4. The mystical reason, that Christ doth cast out-of-doors, and remove far away from us our sins.

5. Now further, the sin-offering for the priest, and for the whole congregation were burnt without, to show the horror and greatness of their sin; and though it were unclean, being a sacrifice for sin, yet because some part thereof, namely the fat, was burnt upon the altar, the remaining part was with reverence to be burned, and in a clean place, and therefore without the camp, because it was separated from the common pollutions which might happen within the camp.
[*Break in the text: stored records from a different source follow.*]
text \<open>For k \<ge> 2 l + 1 the level set {v(h) \<ge> k} is a disjoint union of balls a + \<pi>^(k - l(a)) O^n,
since l is constant on each of them.\<close>

lemma measure_level_set_Suc:
  assumes h: "integral_taylor v h dh"
    and l: "\<And>P. P \<in> D \<Longrightarrow> min_valuation v (\<lambda>i. dh i P) (l P)"
    and k: "\<And>P. P \<in> D \<Longrightarrow> 2 * l P + 1 \<le> k"
  shows "measure M (level_set h (k + 1)) = measure M (level_set h k) / real q"
proof -
  define B where "B a = vball v a (k - l a)" for a
  define F where "F = B ` level_set h k"
  have in_D: "a \<in> level_set h k \<Longrightarrow> a \<in> D" for a by (simp add: level_set_def)
  have l0: "0 \<le> l a" if "a \<in> D" for a
    using that D_subset_On min_valuation_nonneg[OF integral_taylor_vge_grad[OF h] l] by blast
  have B_subset: "B a \<subseteq> level_set h k" if "a \<in> level_set h k" for a
    unfolding B_def using vball_subset_level_set[OF h that l k] in_D[OF that] by blast
  have B_eq: "B x = B a" if "a \<in> level_set h k" "x \<in> B a" for a x
  proof -
    have "min_valuation v (\<lambda>i. dh i x) (l a)"
      using min_valuation_grad_on_vball[OF h _ l k] that in_D unfolding B_def by blast
    then have "l x = l a"
      using l B_subset[OF that(1)] that(2) in_D min_valuation_unique by blast
    then show ?thesis using vball_eq_of_mem that(2) unfolding B_def by metis
  qed
  have disj: "disjoint F"
  proof (rule disjointI)
    fix A A' assume "A \<in> F" "A' \<in> F" "A \<noteq> A'"
    then obtain a a' where a: "a \<in> level_set h k" "A = B a" and a': "a' \<in> level_set h k" "A' = B a'"
      by (auto simp: F_def)
    show "A \<inter> A' = {}"
    proof (rule ccontr)
      assume "A \<inter> A' \<noteq> {}"
      then obtain x where "x \<in> B a" "x \<in> B a'" using a a' by blast
      then have "B a = B a'" using B_eq[OF a(1)] B_eq[OF a'(1)] by metis
      then show False using \<open>A \<noteq> A'\<close> a a' by simp
    qed
  qed
  have "\<exists>a r. a \<in> On v \<and> 0 \<le> r \<and> r \<le> k \<and> A = vball v a r" if A: "A \<in> F" for A
  proof -
    obtain a where a: "a \<in> D" "A = B a" using A by (auto simp: F_def level_set_def)
    then show ?thesis using l0[OF a(1)] k[OF a(1)] D_subset_On unfolding B_def
      by (intro exI[of _ a] exI[of _ "k - l a"]) auto
  qed
  note F = finite_disjoint_vball_family[OF this disj]
  moreover have "\<Union>F = level_set h k"
  proof
    show "\<Union>F \<subseteq> level_set h k" using B_subset by (auto simp: F_def)
    show "level_set h k \<subseteq> \<Union>F" using vball_center unfolding F_def B_def by blast
  qed
  moreover have "measure M (A \<inter> level_set h (k + 1)) = measure M A / real q" if "A \<in> F" for A
  proof -
    obtain a where a: "a \<in> D" "vge v (h a) k" "A = B a"
      using \<open>A \<in> F\<close> by (auto simp: F_def level_set_def)
    then show ?thesis
      using measure_vball_inter_level_set_Suc[OF h a(1,2) l[OF a(1)] k[OF a(1)]]
      by (simp add: B_def Int_commute)
  qed
  ultimately show ?thesis
    using M.measure_eq_divide_if_partition[OF F(2,1) disj level_set_sets[OF h]]
      level_set_antimono[of k "k + 1" h] by (metis less_add_one order_less_imp_le)
qed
6. The Hebrews further observe that the high priest's sin-offering was commanded to be burnt openly without the camp, to the end that no man might be ashamed to confess his sin.

(A. Willet, D. D.)

Whereas ver. 12, the bullock was to be carried out of the host, the apostle applieth it to Christ suffering without the gate, making this further use of it — "Let us go forth therefore out of the camp, bearing His reproach, for we have no continuing city" (Hebrews 13:13). We should in our meditation and desire go out of the world as out of the camp, and be content to bear reproach for Christ's sake, seeing we shall have no long continuance here, but look for an everlasting habitation in heaven; by this reason taken from the shortness of our afflictions the apostle exhorteth thus (2 Corinthians 4:17). The imitation of the saints, shortness of time, fragility of the body do persuade to perseverance, nature hath well provided that grief if it be great cannot be long, for a short danger thou shalt receive an everlasting reward.

(A. Willet, D. D.)

the whole congregation.., sin.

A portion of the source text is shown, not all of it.